Deoptimization is one of the hardest parts of JIT design. The optimized code may have eliminated local variables, reordered operations, or inlined deeply nested calls. To fall back to the interpreter, the JIT must reconstruct the interpreter state — all local variables, the call stack, program counter — from whatever the optimized code has available. This requires maintaining metadata (called 'on-stack replacement' or OSR maps) that maps optimized code states back to interpreter states.

When deoptimization happens frequently — a condition called 'deopt thrashing' — performance can be worse than pure interpretation. The JIT spends time compiling optimized code, running it briefly, deoptimizing, and repeating. V8 handles this by tracking deoptimization counts and eventually giving up on optimizing a particular function. YJIT takes a simpler approach: it generates multiple versions of each code path for different type combinations, which reduces the need for deoptimization at the cost of more generated code.

Why This Matters Beyond Ruby

Ruby's JIT journey mirrors what's happening across dynamic languages. Python's copy-and-patch JIT (landed in CPython 3.13) is the first step toward proper JIT compilation for Python. LuaJIT has been remarkably fast for years by using an aggressive tracing JIT. PHP's JIT in PHP 8.0+ uses LLVM for its IR-based optimizations.
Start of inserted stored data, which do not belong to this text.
lemma nonconstant_entire_deriv_nonzero_near:
  fixes G :: "complex \<Rightarrow> complex"
  assumes G: "G holomorphic_on UNIV" and "G u \<noteq> G v"
  obtains d where "d > 0" "\<And>w. w \<noteq> z \<Longrightarrow> dist w z < d \<Longrightarrow> deriv G w \<noteq> 0"
proof -
  have "\<exists>\<beta>. deriv G \<beta> \<noteq> 0"
  proof (rule ccontr)
    assume "\<nexists>\<beta>. deriv G \<beta> \<noteq> 0"
    then have "(G has_field_derivative 0) (at w)" for w
      using holomorphic_derivI[OF G open_UNIV UNIV_I, of w] by simp
    then have "\<exists>k. \<forall>w\<in>UNIV. G w = k"
      by (intro has_field_derivative_zero_constant) auto
    with \<open>G u \<noteq> G v\<close> show False
      by auto
  qed
  then obtain \<beta> where "deriv G \<beta> \<noteq> 0"
    by blast
  then have "\<forall>\<^sub>F w in at z. deriv G w \<noteq> 0 \<and> w \<in> UNIV"
    by (rule non_zero_neighbour_alt[OF holomorphic_deriv[OF G open_UNIV] open_UNIV connected_UNIV
          UNIV_I UNIV_I])
  then obtain d where "d > 0" "\<forall>w\<in>UNIV. w \<noteq> z \<and> dist w z < d \<longrightarrow> deriv G w \<noteq> 0 \<and> w \<in> UNIV"
    unfolding eventually_at by blast
  then show ?thesis
    using that by blast
qed

lemma real_entire_on_strictly_decreasing_before_zero:
  fixes g :: "real \<Rightarrow> real"
  assumes g: "real_entire_on {a..T} g" and "a < T"
    and pos: "\<And>t. t \<in> {a..<T} \<Longrightarrow> g t > 0" and "g T \<le> 0"
  obtains c where "a \<le> c" "c < T" "\<And>s t. c \<le> s \<Longrightarrow> s < t \<Longrightarrow> t \<le> T \<Longrightarrow> g t < g s"
proof -
  obtain G where G: "G holomorphic_on UNIV" and eq: "\<forall>t\<in>{a..T}. G (of_real t) = of_real (g t)"
    using g unfolding real_entire_on_def by blast
  define g' where "g' t = Re (deriv G (of_real t))" for t
  have deriv_g: "(g has_real_derivative g' t) (at t)"
    and deriv_G: "deriv G (of_real t) = of_real (g' t)" if "t \<in> {a<..<T}" for t
    using real_entire_deriv[OF G eq] that by (simp_all add: g'_def complex_eq_iff)
  have "g a \<noteq> g T"
    using pos[of a] \<open>g T \<le> 0\<close> \<open>a < T\<close> by simp
  then have "G (of_real a) \<noteq> G (of_real T)"
    using eq \<open>a < T\<close> by simp
  then obtain d where "d > 0"
    and d: "\<And>w. w \<noteq> of_real T \<Longrightarrow> dist w (of_real T) < d \<Longrightarrow> deriv G w \<noteq> 0"
    using nonconstant_entire_deriv_nonzero_near[OF G] by blast
  have cont_g: "continuous_on {a..T} g"
  proof (rule continuous_on_eq)
    show "continuous_on {a..T} (\<lambda>t. Re (G (of_real t)))"
      by (intro continuous_intros continuous_on_compose2[OF holomorphic_on_imp_continuous_on[OF G]])
        auto
    show "Re (G (of_real t)) = g t" if "t \<in> {a..T}" for t
      using eq that by simp
  qed
  have cont_g': "continuous_on UNIV g'"
    unfolding g'_def
    by (intro continuous_intros continuous_on_compose2[OF holomorphic_on_imp_continuous_on,
          OF holomorphic_deriv[OF G open_UNIV]])
      auto
  define c where "c = max a (T - d)"
  have "a \<le> c" "c < T"
    unfolding c_def using \<open>d > 0\<close> \<open>a < T\<close> by simp_all
  moreover have "g t < g s" if st: "c \<le> s" "s < t" "t \<le> T" for s t
  proof (rule deriv_nonzero_imp_strictly_decreasing[OF \<open>c < T\<close> _ _ _ _ _ st])
    show "continuous_on {c..T} g"
      using cont_g by (rule continuous_on_subset) (simp add: \<open>a \<le> c\<close>)
    show "continuous_on {c<..<T} g'"
      using cont_g' by (rule continuous_on_subset) simp
    show "(g has_real_derivative g' x) (at x)" if "x \<in> {c<..<T}" for x
      using deriv_g \<open>a \<le> c\<close> that by simp
    show "g' x \<noteq> 0" if x: "x \<in> {c<..<T}" for x
    proof
      assume "g' x = 0"
      then have "deriv G (of_real x) = 0"
        using deriv_G \<open>a \<le> c\<close> x by simp
      moreover have "dist (of_real x) (of_real T :: complex) < d"
        using x unfolding c_def by (simp add: dist_norm flip: of_real_diff)
      ultimately show False
        using d[of "of_real x"] x by simp
    qed
    show "g T < g c"
      using pos[of c] \<open>g T \<le> 0\<close> \<open>a \<le> c\<close> \<open>c < T\<close> by simp
  qed
  ultimately show ?thesis
    using that by blast
qed

lemma affine_sign_stable_left:
  fixes w k t0 T :: real
  assumes "t0 < T"
  obtains a where "t0 \<le> a" "a < T"
    "(\<forall>t\<in>{a..T}. w + k * (t - t0) \<le> 0) \<or> (\<forall>t\<in>{a..T}. 0 \<le> w + k * (t - t0))"
proof (cases "k = 0")
  case True
  then show ?thesis
    using that[of t0] assms by force
next
  case False
  define r where "r = t0 - w / k"
  have root: "w + k * (t - t0) = k * (t - r)" for t
    using False by (simp add: r_def field_simps)
  define a where "a = (if r < T then max t0 r else t0)"
  have "(\<forall>t\<in>{a..T}. 0 \<le> t - r) \<or> (\<forall>t\<in>{a..T}. t - r \<le> 0)"
    by (auto simp: a_def)
  then have "(\<forall>t\<in>{a..T}. k * (t - r) \<le> 0) \<or> (\<forall>t\<in>{a..T}. 0 \<le> k * (t - r))"
    by (cases "k > 0") (auto simp: mult_le_0_iff zero_le_mult_iff)
  moreover have "t0 \<le> a" "a < T"
    using assms by (auto simp: a_def)
  ultimately show ?thesis
    using that by (simp add: root)
qed
lemma measurable_sysPoisson_component[measurable]:
  "(\<lambda>w. w j) \<in> borel_measurable (sysPoisson_measure r l)"
proof -
  have "(\<lambda>w. w j) \<in> measurable (sysPoisson_measure r l) (if j = 0 then forG_measure r l else gamma_measure r l)"
    unfolding sysPoisson_measure_def by (rule measurable_component_singleton) simp
  moreover have "measurable (sysPoisson_measure r l) (if j = 0 then forG_measure r l else gamma_measure r l)
      = borel_measurable (sysPoisson_measure r l)"
    by (rule measurable_cong_sets) auto
  ultimately show ?thesis
    by simp
qed

lemma prob_space_sysPoisson_measure: "r > 0 \<Longrightarrow> l > 0 \<Longrightarrow> prob_space (sysPoisson_measure r l)"
  unfolding sysPoisson_measure_def
  by (intro prob_space_PiM) (auto intro: prob_space_gamma_measure prob_space_forG_measure)

lemma measure_sysPoisson_component:
  assumes "r > 0" "l > 0" "B \<in> sets borel"
  shows "measure (sysPoisson_measure r l) {w. w j \<in> B}
       = measure (if j = 0 then forG_measure r l else gamma_measure r l) B"
proof -
  let ?M = "\<lambda>i. if i = 0 then forG_measure r l else gamma_measure r l"
  have "distr (sysPoisson_measure r l) (?M j) (\<lambda>w. w j) = ?M j"
    unfolding sysPoisson_measure_def using assms
    by (intro distr_PiM_component) (auto intro: prob_space_gamma_measure prob_space_forG_measure)
  then have "measure (?M j) B = measure (distr (sysPoisson_measure r l) (?M j) (\<lambda>w. w j)) B"
    by simp
  also have "\<dots> = measure (sysPoisson_measure r l) ((\<lambda>w. w j) -` B \<inter> space (sysPoisson_measure r l))"
    unfolding sysPoisson_measure_def using assms(3)
    by (intro measure_distr measurable_component_singleton) auto
  finally show ?thesis
    by (simp add: vimage_def)
qed

lemma AE_sysPoisson_jumps_nonneg:
  assumes "r > 0" "l > 0"
  shows "AE w in sysPoisson_measure r l. \<forall>j>0. 0 \<le> w j"
proof -
  interpret prob_space "sysPoisson_measure r l"
    using assms by (rule prob_space_sysPoisson_measure)
  have "(\<lambda>s. gamma_density r l s * indicator {..<0} s) = (\<lambda>_. 0)"
  proof
    show "gamma_density r l s * indicator {..<0} s = 0" for s
      by (cases "s < 0") (simp_all add: gamma_density_eq_0)
  qed
  then have "measure (gamma_measure r l) {..<0} = 0"
    using assms by (simp add: measure_gamma_measure)
  moreover have "{w \<in> space (sysPoisson_measure r l). w j \<in> {..<0}} \<in> events" for j
    by measurable
  ultimately have null: "{w. w j \<in> {..<0}} \<in> null_sets (sysPoisson_measure r l)" if "j > 0" for j
    using that assms measure_sysPoisson_component[of r l "{..<0}" j]
    by (auto simp: null_sets_def emeasure_eq_measure)
  have "AE w in sysPoisson_measure r l. 0 < j \<longrightarrow> 0 \<le> w j" for j
  proof (cases "0 < j")
    case True
    show ?thesis
      using AE_not_in[OF null[OF True]] by eventually_elim simp
  qed simp
  then show ?thesis
    by (subst AE_all_countable) simp
qed

lemma (in finite_measure) abs_measure_diff_le_exceptional:
  assumes "S \<in> sets M" "T \<in> sets M" "N \<in> sets M"
    and "AE x in M. x \<notin> N \<longrightarrow> (x \<in> S \<longleftrightarrow> x \<in> T)"
  shows "\<bar>measure M S - measure M T\<bar> \<le> measure M N"
proof -
  have "measure M S \<le> measure M (T \<union> N)" "measure M T \<le> measure M (S \<union> N)"
    using assms by (auto intro!: finite_measure_mono_AE elim: AE_mp)
  moreover have "measure M (T \<union> N) \<le> measure M T + measure M N"
    "measure M (S \<union> N) \<le> measure M S + measure M N"
    using assms by (auto intro!: measure_subadditive)
  ultimately show ?thesis
    by linarith
qed

lemma sets_systematic_count_event:
  assumes "\<forall>A\<in>set As. A \<in> sets borel"
  shows "{u. \<forall>j<length As. card (systematic_points n u \<inter> As ! j) = ks ! j} \<in> sets borel"
proof -
  have [measurable]: "Measurable.pred borel (\<lambda>u. card (systematic_points n u \<inter> As ! j) = ks ! j)"
    if "j < length As" for j
    using assms that by (intro pred_systematic_count) auto
  have "Measurable.pred borel (\<lambda>u. \<forall>j<length As. card (systematic_points n u \<inter> As ! j) = ks ! j)"
    by measurable
  then show ?thesis
    by (simp add: pred_def)
qed

lemma sets_sysPoisson_count_event:
  assumes "\<forall>A\<in>set As. A \<in> sets borel \<and> A \<subseteq> {0<..<1}"
  shows "{w \<in> space (sysPoisson_measure r l). \<forall>j<length As. card (sysPoisson_points w \<inter> As ! j) = ks ! j}
     \<in> sets (sysPoisson_measure r l)"
proof -
  have [measurable]: "Measurable.pred (sysPoisson_measure r l) (\<lambda>w. card (range (\<lambda>i. \<Sum>j\<le>i. w j) \<inter> As ! j) = ks ! j)"
    if "j < length As" for j
  proof (rule pred_card_image_Int_eq)
    show "(\<lambda>w. \<Sum>j\<le>i. w j) \<in> borel_measurable (sysPoisson_measure r l)" for i
      by measurable
    show "As ! j \<in> sets borel"
      using assms that by auto
  qed simp
  have "Measurable.pred (sysPoisson_measure r l) (\<lambda>w. \<forall>j<length As. card (range (\<lambda>i. \<Sum>j\<le>i. w j) \<inter> As ! j) = ks ! j)"
    by measurable
  moreover have "sysPoisson_points w \<inter> As ! j = range (\<lambda>i. \<Sum>j\<le>i. w j) \<inter> As ! j" if "j < length As" for w j
    using assms that by (intro sysPoisson_points_Int) auto
  ultimately show ?thesis
    by (simp add: pred_def cong: conj_cong)
qed

definition exceptional_event :: "nat \<Rightarrow> real set \<Rightarrow> real \<Rightarrow> (nat \<Rightarrow> real) set" where
  "exceptional_event n B \<delta> = {w. w 0 \<notin> B} \<union> (\<Union>j\<in>{1..n}. {w. \<delta> / n \<le> \<bar>w j - 1 / n\<bar>})"

lemma sets_exceptional_event:
  assumes [measurable]: "B \<in> sets borel"
  shows "exceptional_event n B \<delta> \<in> sets (sysPoisson_measure r l)"
proof -
  have "exceptional_event n B \<delta> = {w \<in> space (sysPoisson_measure r l). w 0 \<notin> B}
      \<union> (\<Union>j\<in>{1..n}. {w \<in> space (sysPoisson_measure r l). \<delta> / n \<le> \<bar>w j - 1 / n\<bar>})"
    by (auto simp: exceptional_event_def)
  also have "\<dots> \<in> sets (sysPoisson_measure r l)"
    by measurable
  finally show ?thesis .
qed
The pattern is consistent: start with an interpreter, add profiling to understand runtime behavior, compile hot paths with type specialization, introduce an IR for classical optimizations, and refine. Each language faces the same challenges — dynamic dispatch, mutable objects, eval, monkey-patching — and arrives at similar solutions.

For developers using these languages, the practical takeaway is that the performance gap between dynamic and static languages is narrowing. It will never close entirely — the type checks and guards still cost something, and deoptimization is an inherent overhead. But a well-optimized JIT can get within 2-5x of equivalent C code for computational workloads, which is 'fast enough' for the vast majority of applications.

The more subtle takeaway: write straightforward code. JIT compilers optimize predictable patterns. Monomorphic call sites (where a method always receives the same types) optimize well. Polymorphic call sites (where types vary) are harder. Megamorphic call sites (dozens of types) may never get optimized. Code that's simple for a human to understand is usually simple for a JIT to optimize — which is a nice alignment of incentives.